Photo Courtesy of Pittsburgh Post-Gazette/McClatchy-Tribune
By Sam Desatoff
Legendary folk singer Pete Seeger passed away Monday, Jan. 27 at the age of 94.
One of the most influential musicians of his time, Seeger spent much of his musical career in protest against war and the industrialization of the environment.
He also popularized the famous songs “This Land is Your Land” and “We Shall Overcome.”
Seeger’s life was a very eventful one. In 1938, he dropped out of Harvard in order to ride a bicycle across the country.
After the Pearl Harbor attacks, Seeger joined the U.S. Army.
However, rather than fighting along the front lines, he was assigned to entertain the troops with his music.
In 1957, Seeger introduced Martin Luther King Jr. with a rendition of “We Shall Overcome” at the 25th anniversary of the Highlander Center in Tennessee that would become the civil rights movement anthem.

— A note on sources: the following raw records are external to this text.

lemma thin_box_competitive_ratio_ge:
  fixes i0 :: "'k::finite" and \<epsilon> :: real
  assumes online: "online_alg (thin_box i0 \<epsilon>) A" and comp: "competitive \<sigma> (thin_box i0 \<epsilon>) A"
    and "\<epsilon> > 0" "n \<ge> 1"
  shows "2 * ln 2 - 1 / real n \<le> \<sigma> * (1 + real (2*n - 1) * (real CARD('k) * \<epsilon>))"
proof -
  define x where "x = A (batch (2*n))"
  have "\<forall>i < length (batch (2*n)). x i \<in> thin_box i0 \<epsilon>"
    using online valid_instance_batch [of "2*n"] \<open>n \<ge> 1\<close> unfolding online_alg_def x_def by simp
  hence x: "x i \<in> thin_box i0 \<epsilon>" if "i < 2*n" for i using that by simp
  have sep: "1 / real (max a b) \<le> \<sigma> * dist (x a) (x b)" if "a < 2*n" "b < 2*n" "a \<noteq> b" for a b
    unfolding x_def using thin_box_batch_dist_ge [OF online comp] \<open>\<epsilon> > 0\<close> that by simp
  have "0 < \<sigma> * dist (x 0) (x 1)" using sep [of 0 1] \<open>n \<ge> 1\<close> by simp
  hence "\<sigma> > 0" by (simp add: zero_less_mult_iff)
  show ?thesis
  proof (rule unit_interval_gaps_bound [OF \<open>n \<ge> 1\<close> \<open>\<sigma> > 0\<close>])
    show "0 \<le> x i $ i0 \<and> x i $ i0 \<le> 1" if "i < 2*n" for i
      using x [OF that] unfolding mem_thin_box by (metis (full_types))
    show "1 / (\<sigma> * real (max a b)) - real CARD('k) * \<epsilon> \<le> \<bar>x a $ i0 - x b $ i0\<bar>"
      if "a < 2*n" "b < 2*n" "a \<noteq> b" for a b
    proof -
      have "1 / (\<sigma> * real (max a b)) = (1 / real (max a b)) / \<sigma>" by simp
      also have "\<dots> \<le> (\<sigma> * dist (x a) (x b)) / \<sigma>"
        using sep [OF that] \<open>\<sigma> > 0\<close> by (intro divide_right_mono) auto
      also have "\<dots> = dist (x a) (x b)" using \<open>\<sigma> > 0\<close> by simp
      finally have "1 / (\<sigma> * real (max a b)) \<le> dist (x a) (x b)" .
      moreover have "dist (x a) (x b) \<le> \<bar>x a $ i0 - x b $ i0\<bar> + real CARD('k) * \<epsilon>"
        using dist_thin_box_le [OF x [OF that(1)] x [OF that(2)]] \<open>\<epsilon> > 0\<close> by simp
      ultimately show ?thesis by linarith
    qed
  qed
qed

Politics also played a rather large role in Seeger’s career, often in the form of protest.
During the McCarthy era, the banjo player was held in contempt of Congress for refusing to testify about his involvement in the Communist party.
Seeger’s environmentalism was an important aspect of his career as well.
According to USA Today writer Bob Minzesheimer, the musician helped build a 10-foot sailing sloop that today still serves as a symbol for the efforts to clean up the Hudson River in New York and New Jersey.
Seeger also influenced the 1960s protest music that contributed to the likes of Woody Guthrie, Bob Dylan and Bruce Springsteen.
Music history professor Dr. Bradley Hufft said Seeger helped push social problems to the front of most artists’ music today.
“Throughout popular music, Seeger…as channeled through Bob Dylan, made speaking out about social causes a mandatory component of most artists’ repertoire,” Hufft said.
However, Seeger’s influence does not stop at the 60s.
“Any so called ‘indie’ artist of today owes a great debt to Seeger,” Hufft said. “Seeger’s music remains very simple, but this simplicity resonates through many contemporary styles.”
Those contemporary styles influences include Tom Morello, guitarist of protest rock group Rage Against the Machine.
In an article written for Rolling Stone, Morello said, “He was this sort of gentle grandfather with a backbone of steel who was going to put a chokehold on the powers that be until they relented. That guy was no joke.”
For Fresno State students interested in learning more about Pete Seeger, Hufft teaches a music history class that might fit the bill.
“Music 187, Jazz/Rock history,” Hufft said. “We address [Seeger] as a key bridge from traditional and early union songs to the modern folk movement. I also address him in my Classical Music Appreciation when talking about the work of his mother and the populist movement in American Art Music in the 30s.”